Provided material below:

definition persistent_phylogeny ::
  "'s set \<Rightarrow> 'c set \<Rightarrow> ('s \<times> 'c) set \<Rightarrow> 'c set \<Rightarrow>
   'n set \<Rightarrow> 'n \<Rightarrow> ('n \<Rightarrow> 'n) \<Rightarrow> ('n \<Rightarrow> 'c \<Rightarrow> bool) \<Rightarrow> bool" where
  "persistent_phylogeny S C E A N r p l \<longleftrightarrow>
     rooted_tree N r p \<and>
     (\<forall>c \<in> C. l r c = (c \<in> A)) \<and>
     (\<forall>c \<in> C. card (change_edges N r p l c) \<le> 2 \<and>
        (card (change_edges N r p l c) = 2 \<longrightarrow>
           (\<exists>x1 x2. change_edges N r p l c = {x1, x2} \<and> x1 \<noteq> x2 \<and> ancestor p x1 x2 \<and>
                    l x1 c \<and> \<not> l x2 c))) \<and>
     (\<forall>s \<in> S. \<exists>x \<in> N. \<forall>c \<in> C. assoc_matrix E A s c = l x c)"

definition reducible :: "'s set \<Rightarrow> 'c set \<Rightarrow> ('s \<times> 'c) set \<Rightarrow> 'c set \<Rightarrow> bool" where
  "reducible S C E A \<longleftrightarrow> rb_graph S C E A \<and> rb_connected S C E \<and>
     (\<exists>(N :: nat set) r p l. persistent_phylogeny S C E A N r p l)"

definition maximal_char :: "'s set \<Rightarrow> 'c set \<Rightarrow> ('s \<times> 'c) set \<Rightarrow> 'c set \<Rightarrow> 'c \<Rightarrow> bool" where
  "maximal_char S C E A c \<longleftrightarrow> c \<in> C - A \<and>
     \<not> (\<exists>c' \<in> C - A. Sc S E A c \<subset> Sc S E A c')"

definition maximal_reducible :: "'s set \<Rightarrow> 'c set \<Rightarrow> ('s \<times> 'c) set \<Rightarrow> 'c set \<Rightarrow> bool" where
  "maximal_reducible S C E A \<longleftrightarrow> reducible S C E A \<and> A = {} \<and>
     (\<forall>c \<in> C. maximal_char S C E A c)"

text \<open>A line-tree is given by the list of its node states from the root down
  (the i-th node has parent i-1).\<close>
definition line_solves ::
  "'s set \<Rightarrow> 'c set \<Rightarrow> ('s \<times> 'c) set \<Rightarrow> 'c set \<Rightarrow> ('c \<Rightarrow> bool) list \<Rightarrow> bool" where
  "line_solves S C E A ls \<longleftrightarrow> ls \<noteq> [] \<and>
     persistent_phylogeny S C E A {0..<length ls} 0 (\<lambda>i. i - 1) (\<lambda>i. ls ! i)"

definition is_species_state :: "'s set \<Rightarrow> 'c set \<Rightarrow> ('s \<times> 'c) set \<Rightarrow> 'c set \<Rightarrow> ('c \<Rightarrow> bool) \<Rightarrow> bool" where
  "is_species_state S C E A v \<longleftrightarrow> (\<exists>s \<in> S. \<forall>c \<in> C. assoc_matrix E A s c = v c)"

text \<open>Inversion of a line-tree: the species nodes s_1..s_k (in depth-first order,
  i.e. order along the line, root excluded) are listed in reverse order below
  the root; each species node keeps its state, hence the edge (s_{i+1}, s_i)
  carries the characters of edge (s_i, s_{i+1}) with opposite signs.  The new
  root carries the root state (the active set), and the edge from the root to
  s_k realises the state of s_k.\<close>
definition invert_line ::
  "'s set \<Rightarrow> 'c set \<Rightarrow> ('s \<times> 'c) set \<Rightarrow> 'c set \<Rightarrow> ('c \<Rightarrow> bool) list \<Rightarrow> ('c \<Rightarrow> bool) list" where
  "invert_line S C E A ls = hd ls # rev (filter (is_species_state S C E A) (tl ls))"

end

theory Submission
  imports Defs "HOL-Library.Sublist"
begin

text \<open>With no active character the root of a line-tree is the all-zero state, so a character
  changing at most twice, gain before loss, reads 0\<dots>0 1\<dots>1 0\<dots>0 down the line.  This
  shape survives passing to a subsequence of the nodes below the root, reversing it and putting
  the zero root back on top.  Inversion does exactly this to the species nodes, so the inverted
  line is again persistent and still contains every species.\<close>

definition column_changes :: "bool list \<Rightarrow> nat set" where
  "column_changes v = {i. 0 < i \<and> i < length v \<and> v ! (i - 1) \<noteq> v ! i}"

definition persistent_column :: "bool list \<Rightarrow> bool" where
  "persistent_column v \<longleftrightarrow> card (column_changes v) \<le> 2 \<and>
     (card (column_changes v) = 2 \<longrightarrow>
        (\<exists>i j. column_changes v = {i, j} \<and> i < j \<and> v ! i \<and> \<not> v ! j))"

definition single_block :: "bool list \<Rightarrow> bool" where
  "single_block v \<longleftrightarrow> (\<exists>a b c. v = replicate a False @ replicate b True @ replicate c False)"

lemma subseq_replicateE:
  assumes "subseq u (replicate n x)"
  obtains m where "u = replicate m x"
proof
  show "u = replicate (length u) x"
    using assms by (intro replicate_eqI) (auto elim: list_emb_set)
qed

End of Provided material.

• **What needs to be done**: Exact retyping is needed for the line with "list \<Rightarrow> nat" and for each line after it through the end of the listing above; no other lines belong.

• **Result of this exercise**:
definition column_changes :: "bool list \<Rightarrow> nat set" where
  "column_changes v = {i. 0 < i \<and> i < length v \<and> v ! (i - 1) \<noteq> v ! i}"

definition persistent_column :: "bool list \<Rightarrow> bool" where
  "persistent_column v \<longleftrightarrow> card (column_changes v) \<le> 2 \<and>
     (card (column_changes v) = 2 \<longrightarrow>
        (\<exists>i j. column_changes v = {i, j} \<and> i < j \<and> v ! i \<and> \<not> v ! j))"

definition single_block :: "bool list \<Rightarrow> bool" where
  "single_block v \<longleftrightarrow> (\<exists>a b c. v = replicate a False @ replicate b True @ replicate c False)"

lemma subseq_replicateE:
  assumes "subseq u (replicate n x)"
  obtains m where "u = replicate m x"
proof
  show "u = replicate (length u) x"
    using assms by (intro replicate_eqI) (auto elim: list_emb_set)
qed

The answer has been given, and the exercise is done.